Auckland City Council
Media release


11 November 2009


The final concept design for the upgrade of Elliott Street in Auckland’s CBD has been approved by two Auckland City Council committees, for what will become Auckland’s first shared space street.


Shared space is at the forefront of international urban design and aims to combine rather than separate the functions of a street. Through specific design, management and maintenance, streets that incorporate shared space improve the environment for people, without needing to ban traffic.


The Elliott Street design sees paving across the full width of the street and the removal of kerbing to allow pedestrians to move more easily into and through the area. This also provides opportunities and space for outdoor dining and a variety of other street activities, such as events.
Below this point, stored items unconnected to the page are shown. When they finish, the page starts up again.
(* Let $P\in\mathbb{R}_+^{n\times n}$ be a stochastic irreducible matrix, $w\in\mathbb{R}^n_+$, $c\in\mathbb{R}^n$, and let $\mathcal X=\{x\in\mathbb{R}^n:\,x=S_0^w(P'x+c)\}$. Let $\pi$ be the unique invariant probability vector of $P$ ($\pi=P'\pi$, $\pi\ge0$, $\mathbbm{1}'\pi=1$; it has positive entries), and, when $\sum_ic_i=0$, let $\nu=\frac12\sum_{k\ge0}\left(\frac{I+P'}{2}\right)^kc$ (a convergent series in that case). Then $\mathcal X$ contains more than one element if and only if $\sum_ic_i=0$ and $$\min_i\left\{\frac{\nu_i}{\pi_i}\right\}+\min_i\left\{\frac{w_i-\nu_i}{\pi_i}\right\}>0.$$ Moreover, in this case, $$\mathcal X=\left\{\nu+\alpha\pi:\,-\min_i\left\{\frac{\nu_i}{\pi_i}\right\}\le\alpha\le\min_i\left\{\frac{w_i-\nu_i}{\pi_i}\right\}\right\}.$$
   Context: $P$ stochastic: nonnegative with $P\mathbbm{1}=\mathbbm{1}$; irreducible: the directed graph with a link $(i,j)$ whenever $P_{ij}>0$ is strongly connected. $(S_0^w(x))_i=\min\{\max\{x_i,0\},w_i\}$; $P'$ is the transpose. *)

theory Defs
  imports "HOL-Analysis.Analysis"
begin

definition stochastic :: "real^'n^'n \<Rightarrow> bool" where
  "stochastic P \<longleftrightarrow> (\<forall>i j. P $ i $ j \<ge> 0) \<and> P *v (\<chi> i. 1) = (\<chi> i. 1)"

definition irreducible_mat :: "real^'n^'n \<Rightarrow> bool" where
  "irreducible_mat P \<longleftrightarrow> (\<forall>i j. (i, j) \<in> {(a, b). P $ a $ b > 0}\<^sup>*)"

definition sat0 :: "real^'n \<Rightarrow> real^'n \<Rightarrow> real^'n" where
  "sat0 w x = (\<chi> i. min (max (x $ i) 0) (w $ i))"

definition nu_vec :: "real^'n^'n \<Rightarrow> real^'n \<Rightarrow> real^'n" where
  "nu_vec P c = (1/2) *\<^sub>R (\<Sum>k. (((\<lambda>x. (1/2) *\<^sub>R (x + transpose P *v x)) ^^ k) c))"

end

theory Submission
  imports Defs
begin

text \<open>If \<open>x \<noteq> y\<close> both solve \<open>x = S(P' x + c)\<close>, clipping being 1-Lipschitz and \<open>P'\<close>
  preserving total mass force \<open>x - y\<close> to be \<open>P'\<close>-invariant, hence a nonzero multiple of the
  positive vector \<open>\<pi>\<close>. Then no coordinate of \<open>x\<close> or \<open>y\<close> is clipped, so both solve the
  linear equation \<open>x = P' x + c\<close>. That equation forces \<open>\<Sum> c = 0\<close>, and then its solutions
  form the line \<open>\<nu> + \<real> \<pi>\<close>: \<open>\<nu>\<close> is one of them because the lazy chain \<open>(I + P')/2\<close>
  is primitive, so some power of it is a strict \<open>l\<^sub>1\<close>-contraction on zero-sum vectors
  and the series defining \<open>\<nu>\<close> converges. The solution set is the part of this line
  inside the box \<open>[0, w]\<close>.\<close>

declare transpose_matrix_vector [simp del]

lemma transpose_mult_vec_nth: "(transpose P *v x) $ i = (\<Sum>j\<in>UNIV. P $ j $ i * x $ j)"
  by (simp add: matrix_vector_mult_def transpose_def)

lemma stochastic_nonneg: "stochastic P \<Longrightarrow> P $ i $ j \<ge> 0"
  by (simp add: stochastic_def)

lemma stochastic_row_sum:
  assumes "stochastic P"
  shows "(\<Sum>j\<in>UNIV. P $ i $ j) = 1"
proof -
  have "(P *v (\<chi> i. 1)) $ i = 1" using assms by (simp add: stochastic_def)
  then show ?thesis by (simp add: matrix_vector_mult_def)
qed

lemma sum_transpose_mult_stochastic:
  assumes "stochastic P"
  shows "(\<Sum>i\<in>UNIV. (transpose P *v x) $ i) = (\<Sum>i\<in>UNIV. x $ i)"
proof -
  have "(\<Sum>i\<in>UNIV. (transpose P *v x) $ i) = (\<Sum>j\<in>UNIV. \<Sum>i\<in>UNIV. P $ j $ i * x $ j)"
    by (simp add: transpose_mult_vec_nth) (rule sum.swap)
  also have "\<dots> = (\<Sum>j\<in>UNIV. x $ j * (\<Sum>i\<in>UNIV. P $ j $ i))"
    by (simp add: sum_distrib_left mult.commute)
  finally show ?thesis by (simp add: stochastic_row_sum[OF assms])
qed

lemma abs_transpose_mult_le:
  assumes "stochastic P"
  shows "\<bar>(transpose P *v x) $ i\<bar> \<le> (transpose P *v (\<chi> k. \<bar>x $ k\<bar>)) $ i"
proof -
  have "\<bar>\<Sum>j\<in>UNIV. P $ j $ i * x $ j\<bar> \<le> (\<Sum>j\<in>UNIV. \<bar>P $ j $ i * x $ j\<bar>)" by (rule sum_abs)
  then show ?thesis using assms by (simp add: transpose_mult_vec_nth abs_mult stochastic_nonneg)
qed

lemma invariant_nonneg_vanishes:
  assumes st: "stochastic P" and irr: "irreducible_mat P"
    and nonneg: "\<forall>i. q $ i \<ge> 0" and inv: "q = transpose P *v q" and zero: "q $ i0 = 0"
  shows "q $ j = 0"
proof -
  have "(j, i0) \<in> {(a, b). P $ a $ b > 0}\<^sup>*" using irr by (simp add: irreducible_mat_def)
  then show ?thesis
  proof (induction rule: converse_rtrancl_induct)
    case base
    then show ?case using zero by simp
  next
    case (step a b)
    have "(\<Sum>k\<in>UNIV. P $ k $ b * q $ k) = 0"
      using step.IH inv transpose_mult_vec_nth[of P q b] by simp
    then have "P $ a $ b * q $ a = 0"
      by (subst (asm) sum_nonneg_eq_0_iff) (auto simp: nonneg stochastic_nonneg[OF st])
    then show ?case using step.hyps(1) by simp
  qed
qed

lemma invariant_distribution_pos:
  assumes st: "stochastic P" and irr: "irreducible_mat P"
    and inv: "\<pi> = transpose P *v \<pi>" and nonneg: "\<forall>i. \<pi> $ i \<ge> 0"
    and total: "(\<Sum>i\<in>UNIV. \<pi> $ i) = 1"
  shows "\<pi> $ i > 0"
proof (rule ccontr)
  assume "\<not> \<pi> $ i > 0"
  then have "\<pi> $ i = 0" using nonneg by (meson antisym not_le)
  then have "\<forall>j. \<pi> $ j = 0" using invariant_nonneg_vanishes[OF st irr nonneg inv] by blast
  then show False using total by simp
qed

lemma invariant_multiple:
  assumes st: "stochastic P" and irr: "irreducible_mat P"
    and inv_\<pi>: "\<pi> = transpose P *v \<pi>" and pos: "\<forall>i. \<pi> $ i > 0"
    and inv_z: "z = transpose P *v z"
  obtains s where "z = s *\<^sub>R \<pi>"
proof -
  define s where "s = (MIN i. z $ i / \<pi> $ i)"
  have "s \<in> range (\<lambda>i. z $ i / \<pi> $ i)" unfolding s_def by (rule Min_in) auto
  then obtain i0 where i0: "s = z $ i0 / \<pi> $ i0" by auto
  define q where "q = z - s *\<^sub>R \<pi>"
  have nonneg: "\<forall>i. q $ i \<ge> 0"
  proof
    fix i
    have "s \<le> z $ i / \<pi> $ i" unfolding s_def by (rule Min_le) auto
    then show "q $ i \<ge> 0" using pos by (simp add: q_def pos_le_divide_eq)
  qed
  have "q = transpose P *v q"
    unfolding q_def using inv_\<pi> inv_z
    by (metis matrix_vector_mult_diff_distrib matrix_vector_mult_scaleR)
  moreover have "q $ i0 = 0" using i0 pos[rule_format, of i0] by (simp add: q_def)
  ultimately have "\<forall>j. q $ j = 0" using invariant_nonneg_vanishes[OF st irr nonneg] by blast
  then have "z = s *\<^sub>R \<pi>" by (simp add: q_def vec_eq_iff)
  then show ?thesis by (rule that)
qed

definition lazy_step :: "real^'n^'n \<Rightarrow> real^'n \<Rightarrow> real^'n" where
  "lazy_step P x = (1/2) *\<^sub>R (x + transpose P *v x)"

definition norm1 :: "real^'n \<Rightarrow> real" where
  "norm1 x = (\<Sum>i\<in>UNIV. \<bar>x $ i\<bar>)"

lemma norm1_nonneg: "norm1 x \<ge> 0"
  by (simp add: norm1_def sum_nonneg)

lemma nu_vec_lazy_step: "nu_vec P c = (1/2) *\<^sub>R (\<Sum>k. (lazy_step P ^^ k) c)"
  by (simp add: nu_vec_def lazy_step_def[abs_def])

lemma lazy_step_nth: "lazy_step P x $ i = (x $ i + (\<Sum>j\<in>UNIV. P $ j $ i * x $ j)) / 2"
  by (simp add: lazy_step_def transpose_mult_vec_nth)

lemma linear_lazy_step: "linear (lazy_step P)"
  by (rule linearI) (simp_all add: lazy_step_def matrix_vector_right_distrib
      matrix_vector_mult_scaleR algebra_simps)

lemma linear_lazy_step_pow: "linear (lazy_step P ^^ k)"
proof (induction k)
  case 0
  show ?case by (simp add: linear_id[unfolded id_def])
next
  case (Suc k)
  show ?case using linear_compose[OF Suc.IH linear_lazy_step] by (simp add: o_def)
qed

lemma sum_lazy_step:
  assumes "stochastic P"
  shows "(\<Sum>i\<in>UNIV. lazy_step P x $ i) = (\<Sum>i\<in>UNIV. x $ i)"
  using sum_transpose_mult_stochastic[OF assms, of x]
  by (simp add: lazy_step_def sum.distrib flip: sum_divide_distrib)

lemma sum_lazy_step_pow:
  "stochastic P \<Longrightarrow> (\<Sum>i\<in>UNIV. (lazy_step P ^^ k) x $ i) = (\<Sum>i\<in>UNIV. x $ i)"
  by (induction k) (simp_all add: sum_lazy_step)

lemma lazy_step_pow_nonneg:
  assumes "stochastic P" "\<forall>i. x $ i \<ge> 0"
  shows "(lazy_step P ^^ k) x $ i \<ge> 0"
  using assms
  by (induction k arbitrary: i)
     (auto simp: lazy_step_nth stochastic_nonneg intro!: add_nonneg_nonneg sum_nonneg)

lemma lazy_step_ge_self:
  assumes "stochastic P" "\<forall>i. x $ i \<ge> 0"
  shows "lazy_step P x $ i \<ge> x $ i / 2"
proof -
  have "(\<Sum>j\<in>UNIV. P $ j $ i * x $ j) \<ge> 0"
    using assms by (auto simp: stochastic_nonneg intro!: sum_nonneg)
  then show ?thesis by (simp add: lazy_step_nth)
qed

lemma lazy_step_ge_edge:
  assumes "stochastic P" "\<forall>i. x $ i \<ge> 0"
  shows "lazy_step P x $ i \<ge> P $ a $ i * x $ a / 2"
proof -
  have "P $ a $ i * x $ a \<le> (\<Sum>j\<in>UNIV. P $ j $ i * x $ j)"
    by (rule member_le_sum) (use assms in \<open>auto simp: stochastic_nonneg\<close>)
  then show ?thesis using assms(2)[rule_format, of i] by (simp add: lazy_step_nth)
qed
Where shared space has been introduced overseas it has been shown to improve pedestrian safety, calm traffic, attract more people, enhance business and retail activity, and encourage diverse outdoor activity.


Cr Greg Moyle, chairperson of the Arts, Culture and Recreation Committee says, “Auckland City Council is taking care of Auckland’s future and working to transform the city centre into a world-class, vibrant and dynamic business and cultural centre.”


“We are proud to be leading the way in urban design in New Zealand. It is vital for our leading city to compete with other international cities by embracing best practice urban design initiatives like shared space and provide an environment which is more pedestrian friendly and more attractive,” says Cr Ken Baguley, chairperson of the Transport Committee.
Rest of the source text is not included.